- [WORK REQUIRED]: Please copy out every line of the listing below in which the word "auto" appears.

- [DATA]:
lemma recourse_eq_greedy_cost: "recourse n c d C s u = greedy_cost n c d C s u"
  unfolding recourse_def
proof (rule cInf_eq_minimum)
  show "greedy_cost n c d C s u \<in>
      {(\<Sum>i=1..n. c i * w i + d i * v i) + C * w (n+1) |w v. lp_feasible n s u w v}"
    using lp_feasible_greedy[of n s u] unfolding greedy_cost_def by blast
next
  fix x assume "x \<in> {(\<Sum>i=1..n. c i * w i + d i * v i) + C * w (n+1) |w v. lp_feasible n s u w v}"
  then obtain w v where x: "x = (\<Sum>i=1..n. c i * w i + d i * v i) + C * w (n+1)"
    and feas: "lp_feasible n s u w v" by blast
  have "greedy_cost n c d C s u = (\<Sum>k=1..n. (u k - s k) * dual_price n c d C s u k)"
    by (rule greedy_cost_eq_dual[symmetric])
  also have "\<dots> \<le> x"
    unfolding x by (rule lp_weak_duality[OF n feas dual_price_in_Yset])
  finally show "greedy_cost n c d C s u \<le> x" .
qed

end

section \<open>Copositive form of the semi-infinite constraints\<close>

definition quad_form :: "nat \<Rightarrow> (nat \<Rightarrow> nat \<Rightarrow> real) \<Rightarrow> (nat \<Rightarrow> real) \<Rightarrow> real" where
  "quad_form k M x = (\<Sum>i<k. \<Sum>j<k. x i * M i j * x j)"

lemma COP_iff_quad_form:
  "M \<in> COP k K \<longleftrightarrow> (\<forall>i<k. \<forall>j<k. M i j = M j i) \<and> (\<forall>x\<in>K. 0 \<le> quad_form k M x)"
  by (simp add: COP_def quad_form_def)

lemma quad_form_scale: "quad_form k M (\<lambda>i. t * x i) = t\<^sup>2 * quad_form k M x"
  unfolding quad_form_def sum_distrib_left by (simp add: power2_eq_square ac_simps)

lemma continuous_on_quad_form: "continuous_on A (quad_form k M)"
  unfolding quad_form_def by (intro continuous_intros continuous_on_coordinate)

text \<open>Copositivity over the closed perspective cone of a set only has to be checked
  on the slice \<open>x 0 = 1\<close>, where the cone coincides with the set itself.\<close>

lemma COP_perspective_iff:
  assumes sym: "\<forall>i<k. \<forall>j<k. M i j = M j i"
  shows "M \<in> COP k (closure {x \<in> vecs0 k. 0 < x 0 \<and> P (\<lambda>i. x i / x 0)}) \<longleftrightarrow>
         (\<forall>x\<in>vecs0 k. x 0 = 1 \<longrightarrow> P x \<longrightarrow> 0 \<le> quad_form k M x)"
    (is "M \<in> COP k (closure ?S) \<longleftrightarrow> ?slice")
proof
  assume cop: "M \<in> COP k (closure ?S)"
  show ?slice
  proof (intro ballI impI)
    fix x assume "x \<in> vecs0 k" "x 0 = 1" "P x"
    then have "x \<in> ?S" by simp
    then have "x \<in> closure ?S" by (rule closure_subset[THEN subsetD])
    with cop show "0 \<le> quad_form k M x" unfolding COP_iff_quad_form by blast
  qed
next
  assume slice: ?slice
  have nonneg: "0 \<le> quad_form k M x" if x: "x \<in> ?S" for x
  proof -
    define y where "y = (\<lambda>i. x i / x 0)"
    have "y \<in> vecs0 k" "y 0 = 1" "P y" using x by (auto simp: vecs0_def y_def)
    then have "0 \<le> quad_form k M y" using slice by blast
    have "x = (\<lambda>i. x 0 * y i)" using x by (simp add: y_def)
    then have "quad_form k M x = (x 0)\<^sup>2 * quad_form k M y"
      using quad_form_scale[of k M "x 0" y] by simp
    with \<open>0 \<le> quad_form k M y\<close> show ?thesis by simp
  qed
  have "closed {x. 0 \<le> quad_form k M x}"
    by (rule closed_Collect_le[OF continuous_on_const continuous_on_quad_form])
  with nonneg have "closure ?S \<subseteq> {x. 0 \<le> quad_form k M x}"
    by (intro closure_minimal) auto
  with sym show "M \<in> COP k (closure ?S)"
    unfolding COP_iff_quad_form by blast
qed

- [ANSWER AREA]:
    have "y \<in> vecs0 k" "y 0 = 1" "P y" using x by (auto simp: vecs0_def y_def)
    by (intro closure_minimal) auto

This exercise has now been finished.